Keywords: Concussion, maximum principal strain, corpus callosum

Introduction

Concussion in sport is very prevalent with between 1.6 and 3.8 million sports-related concussions in the United States each year (Langlois et al. 2006). The diagnosis of concussion is particularly difficult with many studies reporting that approximately 50% of concussions go unreported (Elliott et al. 2015).

The relationship between head kinematics and concussion in US football has been extensively studied as it has been possible to mount sensors within the helmet to capture acceleration data. The Head Impact Telemetry System (HITS), Simbex, Lebanon, NH, USA, was developed in 2002 and uses an array of accelerometers to measure linear and rotational accelerations. The alternative to measure head accelerations in vivo is to recreate the impact using video data in a laboratory or with kinematic software. Several video angles are required for this to be successful and it is a difficult and time consuming task with up to 25% angular acceleration errors (Newman et al. 2005).

To address these errors and to enable the measurement of head accelerations in vivo instrumented mouthguards have been developed. Hernandez et al. recorded two concussions in US football using an instrumented mouthguard, one case involved a loss of consciousness and the other was self-reported (Hernandez et al. 2015). King et al. used the X2 BioSystems mouthguard to record over 20,000 impacts above 10 g in amateur rugby but no head injuries were sustained (King et al. 2014). One of the few studies to report concussions in an unhelmeted sport was carried out by McIntosh et al. who used simulation software to recreate impacts in Australian rules football and rugby (McIntosh et al. 2014). The study recreated 27 concussive impacts and determined that the mean linear and angular accelerations for the injury cases were 103.4 g (±29.5 g) and 7951 rad/s2 (±3562 rad/s2), respectively.

The only known studies to report in vivo unhelmeted head accelerations that have resulted in a concussion have used data from the study of head impacts in Mixed Martial Arts (MMA) reported in this paper. The first of these studies included rugby players and MMA athletes and investigated the correlation of strain with disruption to the blood brain barrier (O’Keeffe et al. 2019). The second developed a multi-directional dynamic model of the head and investigated its reliability in predicting head injury (Laksari et al. 2019). Laksari’s study found that peak angular acceleration was the best predictor of head injury in cases of high angular acceleration and low velocity.

In 1943 Holburn first proposed that concussion was caused by angular velocity and acceleration rather than linear acceleration (Holbourn 1943). Since then animal studies have found that linear head accelerations are important for focal trauma but angular accelerations cause inertial loading of the brain and correlate with brain trauma severity (Ommaya and Gennarelli 1974; Gennarellie 1983; Raghupathi et al. 2004). In a study of 300,977 impacts in US football which included 57 concussions an angular acceleration of 6383 rad/s2 was found to represent a 50% risk of concussion (Rowson et al. 2012).

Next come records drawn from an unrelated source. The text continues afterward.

lemma borel_measurable_diff_quot01:
  fixes f :: "real \<Rightarrow> real"
  assumes mono: "mono_on {0..1} f" and lip: "1-lipschitz_on {0..1} f"
  shows "diff_quot01 f n \<in> borel_measurable M01"
proof -
  define g where "g t = f (clamp01 t)" for t
  have g: "continuous_on UNIV g"
    using mono_lipschitz_clamp01(2)[OF mono lip] unfolding g_def
    by (intro lipschitz_on_continuous_on[of 1] lipschitz_onI) (auto simp: dist_real_def)
  have "continuous_on UNIV (\<lambda>t. g (t + 1 / Suc n))"
    by (rule continuous_on_compose2[OF g]) (auto intro: continuous_intros)
  then have "continuous_on UNIV (diff_quot01 f n)"
    unfolding diff_quot01_def g_def[symmetric] by (intro continuous_on_mult_right continuous_on_diff g)
  then show ?thesis
    by (intro borel_measurable_M01 borel_measurable_continuous_onI)
qed

lemma AE_differentiable_M01:
  fixes f :: "real \<Rightarrow> real"
  assumes mono: "mono_on {0..1} f" and lip: "1-lipschitz_on {0..1} f"
  shows "AE t in M01. f differentiable (at t)"
proof -
  let ?g = "\<lambda>t. f (clamp01 t)"
  have "AE t in lebesgue. ?g differentiable (at t)"
    using mono_lipschitz_clamp01[OF mono lip] by (intro mono_lipschitz_differentiable_ae)
  then have "AE t in M01. ?g differentiable (at t)"
    by (subst AE_restrict_space_iff) (auto elim: eventually_mono)
  with AE_M01_interior show ?thesis
  proof eventually_elim
    case (elim t)
    then obtain D where "(?g has_real_derivative D) (at t)"
      by (auto simp: real_differentiable_def)
    then have "(f has_real_derivative D) (at t)"
      by (rule has_field_derivative_transform_within_open[of _ _ _ "{0<..<1}"]) (use elim in \<open>auto simp: clamp01_id\<close>)
    then show ?case
      by (auto simp: real_differentiable_def)
  qed
qed
(* Let $X$ be a normed space and $Y$ a Banach space. Let $r,s$ and $\theta$ be nonnegative integer numbers with $p=r+s\neq1,3$. Suppose that an odd mapping $f:X\to Y$ satisfies $$\|D_f(x,y)\|\le\theta\|x\|^r\|y\|^s$$ for all $x,y\in X$. Then there exist a unique additive function $A:X\to Y$ and a unique cubic function $C:X\to Y$ satisfying $$\|f(x)-A(x)-C(x)\|\le\frac{\theta}{12}\left[\frac{1}{|2^p-2|}+\frac{1}{|2^p-8|}\right]\|x\|^p$$ for all $x\in X$.
   Context: For a mapping $f:X\to Y$ define $$D_f(x,y)=3f(x+3y)-f(3x+y)-12[f(x+y)+f(x-y)]+16[f(x)+f(y)]-12f(2y)+4f(2x)$$ for $x,y\in X$. A function $g:X\to Y$ is additive if $g(x+y)=g(x)+g(y)$ for all $x,y\in X$, and cubic if $g(x+2y)-3g(x+y)+3g(x)-g(x-y)=6g(y)$ for all $x,y\in X$. *)

theory Defs
  imports "HOL-Analysis.Analysis"
begin

definition Dop :: "('a::real_normed_vector \<Rightarrow> 'b::real_normed_vector) \<Rightarrow> 'a \<Rightarrow> 'a \<Rightarrow> 'b" where
  "Dop f x y =
     3 *\<^sub>R f (x + 3 *\<^sub>R y) - f (3 *\<^sub>R x + y)
     - 12 *\<^sub>R (f (x + y) + f (x - y))
     + 16 *\<^sub>R (f x + f y)
     - 12 *\<^sub>R f (2 *\<^sub>R y) + 4 *\<^sub>R f (2 *\<^sub>R x)"

definition cubic :: "('a::real_normed_vector \<Rightarrow> 'b::real_normed_vector) \<Rightarrow> bool" where
  "cubic g \<longleftrightarrow> (\<forall>x y. g (x + 2 *\<^sub>R y) - 3 *\<^sub>R g (x + y) + 3 *\<^sub>R g x - g (x - y) = 6 *\<^sub>R g y)"

end

theory Submission
  imports Defs
begin

(* Putting x = y in D_f gives f(4x) - 10 f(2x) + 16 f(x) = O(|x|^p), so g(x) = f(2x) - 8 f(x)
   satisfies g(2x) ~ 2 g(x) and h(x) = f(2x) - 2 f(x) satisfies h(2x) ~ 8 h(x). Hyers' direct
   method (iterating x -> 2x, or x -> x/2 when 2^p exceeds the factor) turns g and h into exact
   solutions A0, C0 of D = 0 with A0(2x) = 2 A0(x) and C0(2x) = 8 C0(x), which are therefore
   additive and cubic, and f = (h - g)/6 is close to (C0 - A0)/6.
   For uniqueness, two decompositions differ by a + c with a additive, c cubic and
   |a(x) + c(x)| = O(|x|^p); rescaling x by 2^n or 2^-n separates the degrees 1, 3 and p. *)

lemma scaleR_homogeneous_power:
  fixes F :: "'a::real_vector \<Rightarrow> 'b::real_vector"
  assumes "\<And>y. F (t *\<^sub>R y) = k *\<^sub>R F y"
  shows "F (t ^ n *\<^sub>R y) = k ^ n *\<^sub>R F y"
proof (induction n)
  case (Suc n)
  have "F (t ^ Suc n *\<^sub>R y) = k *\<^sub>R F (t ^ n *\<^sub>R y)"
    using assms[of "t ^ n *\<^sub>R y"] by simp
  with Suc show ?case by simp
qed simp

lemma cubic_scaleR:
  fixes g :: "'a::real_normed_vector \<Rightarrow> 'b::real_normed_vector"
  assumes "cubic g"
  shows "cubic (\<lambda>x. k *\<^sub>R g x)"
  unfolding cubic_def
proof (intro allI)
  fix x y
  have "k *\<^sub>R (g (x + 2 *\<^sub>R y) - 3 *\<^sub>R g (x + y) + 3 *\<^sub>R g x - g (x - y)) = k *\<^sub>R (6 *\<^sub>R g y)"
    using assms unfolding cubic_def by simp
  then show "k *\<^sub>R g (x + 2 *\<^sub>R y) - 3 *\<^sub>R k *\<^sub>R g (x + y) + 3 *\<^sub>R k *\<^sub>R g x - k *\<^sub>R g (x - y) = 6 *\<^sub>R k *\<^sub>R g y"
    by (simp add: algebra_simps)
qed

lemma cubic_diff:
  fixes g h :: "'a::real_normed_vector \<Rightarrow> 'b::real_normed_vector"
  assumes "cubic g" and "cubic h"
  shows "cubic (\<lambda>x. g x - h x)"
  using assms unfolding cubic_def by (simp add: algebra_simps)

lemma additive_scaleR:
  fixes g :: "'a::real_vector \<Rightarrow> 'b::real_vector"
  assumes "Modules.additive g"
  shows "Modules.additive (\<lambda>x. k *\<^sub>R g x)"
  by (rule additive.intro) (simp add: additive.add[OF assms] scaleR_add_right)
lemma domA_oscillation_le:
  assumes dom: "domA l w d" and x: "x \<in> {0..1}"
  shows "\<bar>w x - prim w 1\<bar> \<le> 2^(2*l+1) * L1norm (d (2*l+1))"
proof -
  have Iw: "integrable01 w" by (intro continuous_imp_integrable_real domA_continuous[OF dom])
  have "\<bar>w x - prim w 1\<bar> \<le> 2 * L1norm (d 1)"
  proof (rule abs_le_2_L1norm_if_mean_zero[OF _ _ _ x])
    show "integrable01 (d 1)" using domA_integrable[OF dom, of 0] by simp
    show "prim (d 1) y = (w y - prim w 1) - (w 0 - prim w 1)" if "y \<in> {0..1}" for y
      using domA_prim[OF dom _ that, of 0] domA_base[OF dom] by simp
    show "prim (\<lambda>y. w y - prim w 1) 1 = 0"
      using Iw by (simp add: Bochner_Integration.integral_diff)
  qed
  also have "\<dots> \<le> 2 * (2^(2*l) * L1norm (d (2*l+1)))"
    using domA_L1norm_first_derivative_le[OF dom] by simp
  finally show ?thesis by simp
qed

lemma res_eq_L1norm_top_derivative_le:
  assumes sol: "res_eq l \<mu> w d f" and f: "L2 f"
  shows "L1norm (d (2*l+1)) \<le> \<bar>\<mu>\<bar> * L1norm (\<lambda>y. w y - c) + L1norm (\<lambda>y. f y - \<mu> * c)"
proof -
  note dom = res_eq_domA[OF sol]
  have Iw: "integrable01 (\<lambda>y. \<bar>w y - c\<bar>)"
    by (intro integrable_abs continuous_imp_integrable_real continuous_intros domA_continuous[OF dom])
  have If: "integrable01 (\<lambda>y. \<bar>f y - \<mu> * c\<bar>)"
    using L2_imp_integrable01[OF f] by (intro integrable_abs) simp
  have "L1norm (d (2*l+1)) \<le> integral\<^sup>L (lebesgue_on {0..1}) (\<lambda>y. \<bar>\<mu>\<bar> * \<bar>w y - c\<bar> + \<bar>f y - \<mu> * c\<bar>)"
  proof (rule integral_mono_AE)
    show "integrable01 (\<lambda>y. \<bar>d (2*l+1) y\<bar>)"
      using domA_integrable[OF dom, of "2*l"] by (intro integrable_abs) simp
    show "integrable01 (\<lambda>y. \<bar>\<mu>\<bar> * \<bar>w y - c\<bar> + \<bar>f y - \<mu> * c\<bar>)"
      using Iw If by simp
    show "AE y in lebesgue_on {0..1}. \<bar>d (2*l+1) y\<bar> \<le> \<bar>\<mu>\<bar> * \<bar>w y - c\<bar> + \<bar>f y - \<mu> * c\<bar>"
      using res_eq_top_derivative[OF sol]
    proof eventually_elim
      case (elim y)
      then have "d (2*l+1) y = \<mu> * (w y - c) - (f y - \<mu> * c)" by (simp add: algebra_simps)
      then show ?case by (simp add: abs_mult[symmetric] abs_triangle_ineq4)
    qed
  qed
  also have "\<dots> = \<bar>\<mu>\<bar> * L1norm (\<lambda>y. w y - c) + L1norm (\<lambda>y. f y - \<mu> * c)"
    using Iw If by (simp add: Bochner_Integration.integral_add)
  finally show ?thesis .
qed
(* Assume $f(x,y)=h(x)g(y)$ where $g:\mathbb{R}^m\to\mathbb{R}$ is bounded and Lipschitz and $h:\mathbb{R}^n\to\mathbb{R}$ is Lipschitz with $\|h\|_\infty\le C_1$. Let $w_*\in C^2(\mathbb{R}^m)$ be the solution of $\mathcal{L}(y,D_yw_*,D^2_{yy}w_* )+g(y)=\lambda_1$ in $\mathbb{R}^m$, $w_*(0)=0$ (with $\lambda_1$ the associated ergodic constant), and let $\chi(y)=|y|^2$. Then: (i) there exists $C_5>0$ such that $|w_*(y)|\le C_5\big(1+\log(1+|y|^2)\big)$ for all $y\in\mathbb{R}^m$; (ii) for every $\eta>0$, $|h(x)w_*(y)|-\eta\chi(y)\le C_1C_5\log(C_1C_5)-C_1C_5\log\eta+\eta$ for all $(x,y)\in\mathbb{R}^n\times\mathbb{R}^m$.
   Context: Let $n,m\ge1$. $\mathcal{L}(y,q,Y):=-\mathrm{tr}\big(\tau(y)\tau(y)^TY\big)+\alpha\, y\cdot q+b(y)\cdot q$, where $\alpha>0$; $\tau$ is matrix-valued on $\mathbb{R}^m$ with bounded Lipschitz coefficients; $b:\mathbb{R}^m\to\mathbb{R}^m$ is bounded and Lipschitz; there is $\theta>0$ with $\xi\tau(y)\tau(y)^T\xi^T\ge\theta|\xi|^2$ for all $y,\xi$. The pair $(w_*,\lambda_1)$ with $w_*(0)=0$ is the unique solution of the cell problem for $g$. *)

theory Defs
  imports "HOL-Analysis.Analysis"
begin

definition Lop :: "(real^'m \<Rightarrow> real^'d^'m) \<Rightarrow> real \<Rightarrow> (real^'m \<Rightarrow> real^'m)
                   \<Rightarrow> real^'m \<Rightarrow> real^'m \<Rightarrow> real^'m^'m \<Rightarrow> real" where
  "Lop tau alpha b y q Y = - trace (tau y ** transpose (tau y) ** Y) + alpha * (y \<bullet> q) + b y \<bullet> q"

end

theory Submission
  imports Defs
begin

(*
  A maximum principle with a logarithmic barrier.  Let k be the polynomial growth
  exponent of w and put phi_e(y) = K ln (1 + |y|^2) + e (1 + |y|^2)^(k+1) for e > 0.
  Then w - phi_e attains a global maximum at some y0, where Dw = D phi_e and the second
  derivatives of w along the columns of tau are at most those of phi_e; since the
  diffusion term is a sum of such second derivatives, L(y0, Dw, D^2 w) is at least the
  operator applied to phi_e.  Once |y0| exceeds a radius R independent of e, the drift
  alpha y . D phi_e dominates and makes this larger than K alpha, which is chosen above
  sup L w = sup (lambda1 - g).  So y0 stays in the ball of radius R, whence
  w <= phi_e + max_{|y| <= R} w, and e -> 0 gives w <= K ln (1 + |y|^2) + C.  Applying
  this to -w gives (i), and (ii) follows from ln t <= t - 1 with
  t = eta (1 + |y|^2) / (C1 C5).
*)

lemma deriv2_nonpos_at_global_max:
  fixes f f' :: "real \<Rightarrow> real"
  assumes f': "\<And>t. (f has_real_derivative f' t) (at t)"
    and f'': "(f' has_real_derivative s) (at a)"
    and max: "\<And>t. f t \<le> f a"
  shows "s \<le> 0"
proof (rule ccontr)
  assume "\<not> s \<le> 0"
  then obtain d where "d > 0" and f'_inc: "\<And>h. 0 < h \<Longrightarrow> h < d \<Longrightarrow> f' a < f' (a + h)"
    using DERIV_pos_inc_right[OF f''] by auto
  have "f' a = 0"
    using DERIV_local_max[OF f' zero_less_one] max by blast
  obtain z where z: "a < z" "z < a + d/2" "f (a + d/2) - f a = (a + d/2 - a) * f' z"
    using MVT2[of a "a + d/2" f f'] f' \<open>d > 0\<close> by auto
  have "f' z > 0"
    using f'_inc[of "z - a"] z \<open>f' a = 0\<close> by auto
  with \<open>d > 0\<close> have "(a + d/2 - a) * f' z > 0"
    by simp
  with z(3) max[of "a + d/2"] show False
    by linarith
qed

lemma has_real_derivative_along_line:
  fixes u :: "'a::real_normed_vector \<Rightarrow> real"
  assumes "(u has_derivative Du) (at (x + t *\<^sub>R v))"
  shows "((\<lambda>s. u (x + s *\<^sub>R v)) has_real_derivative Du v) (at t)"
proof -
  have "((\<lambda>s. x + s *\<^sub>R v) has_derivative (\<lambda>s. s *\<^sub>R v)) (at t)"
    by (auto intro!: derivative_eq_intros)
  from has_derivative_compose[OF this assms]
  have "((\<lambda>s. u (x + s *\<^sub>R v)) has_derivative (\<lambda>s. Du (s *\<^sub>R v))) (at t)" .
  moreover have "(\<lambda>s. Du (s *\<^sub>R v)) = (*) (Du v)"
    using has_derivative_linear[OF assms] by (simp add: linear_scale fun_eq_iff)
  ultimately show ?thesis
    by (simp add: has_field_derivative_def)
qed

lemma radial_along_line_has_real_derivative:
  fixes x c :: "'a::real_inner" and G G' :: "real \<Rightarrow> real" and G2 :: real
  assumes G': "\<And>r. r \<ge> 0 \<Longrightarrow> (G has_real_derivative G' r) (at r)"
    and G'_deriv: "(G' has_real_derivative G2) (at (x \<bullet> x))"
  defines "p \<equiv> \<lambda>t. x + t *\<^sub>R c"
  shows "((\<lambda>t. G (p t \<bullet> p t)) has_real_derivative G' (p t \<bullet> p t) * (2 * (p t \<bullet> c))) (at t)"
    and "((\<lambda>t. G' (p t \<bullet> p t) * (2 * (p t \<bullet> c))) has_real_derivative
           4 * G2 * (x \<bullet> c)\<^sup>2 + 2 * G' (x \<bullet> x) * (c \<bullet> c)) (at 0)"
proof -
  have p_sq: "((\<lambda>t. p t \<bullet> p t) has_real_derivative 2 * (p t \<bullet> c)) (at t)" for t
    unfolding p_def has_field_derivative_def
    by (auto intro!: derivative_eq_intros simp: fun_eq_iff inner_commute algebra_simps)
  have p_c: "((\<lambda>t. 2 * (p t \<bullet> c)) has_real_derivative 2 * (c \<bullet> c)) (at t)" for t
    unfolding p_def has_field_derivative_def
    by (auto intro!: derivative_eq_intros simp: fun_eq_iff algebra_simps)
  show "((\<lambda>t. G (p t \<bullet> p t)) has_real_derivative G' (p t \<bullet> p t) * (2 * (p t \<bullet> c))) (at t)"
    using DERIV_chain2[OF G'[OF inner_ge_zero] p_sq] .
  have "p 0 = x"
    by (simp add: p_def)
  then have "((\<lambda>t. G' (p t \<bullet> p t)) has_real_derivative G2 * (2 * (x \<bullet> c))) (at 0)"
    using DERIV_chain2[of G' G2, OF _ p_sq[of 0]] G'_deriv by metis
  from DERIV_mult[OF this p_c]
  show "((\<lambda>t. G' (p t \<bullet> p t) * (2 * (p t \<bullet> c))) has_real_derivative
      4 * G2 * (x \<bullet> c)\<^sup>2 + 2 * G' (x \<bullet> x) * (c \<bullet> c)) (at 0)"
    by (rule DERIV_cong) (simp add: \<open>p 0 = x\<close> power2_eq_square)
qed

The magnitude of the change in angular velocity, and hence high angular acceleration has been shown to correlate with brain strain (Kleiven 2005).

Simulation studies play a unique role in head impact investigations as they enable the determination of brain tissue stress and strain resulting from trauma. The Wayne state head model is one of the most detailed head models and is capable of simulating impacts up to 200 g and 12 krad/s2 (Zhang et al. 2001). This model was used to investigate concussion and determined that the largest strains occurred in the fornix, mid-brain and corpus callosum and that there was a significant correlation between strain and concussive symptoms (Viano, Casson, Pellman, Zhang, et al. 2005). Kleiven found lateral angular accelerations (in the coronal plane) gave rise to higher strains than impacts from other directions (Kleiven 2005). Generally, kinematic data are used to define the boundary conditions for simulation models. In order to quantify the kinematics of head impacts in US football Newman et al. recreated 27 impacts in a laboratory (Newman et al. 2000). Several researchers have used these data with simulation models to find the average strain in various brain regions of concussed players or the strain that related to a 50% probability of concussion. A 50% probability of concussion in US football has been reported for strains in the corpus callosum of 0.13 (Giordano and Kleiven 2014) to 0.21 (Kleiven 2007). The average strain in the corpus callosum of concussed Australian rules football and rugby players was 0.31 (Patton et al. 2013; McIntosh et al. 2014). High strains in the corpus callosum are thought to be due to lateral distortions of the falx, caused by high coronal angular accelerations (Ho et al. 2017).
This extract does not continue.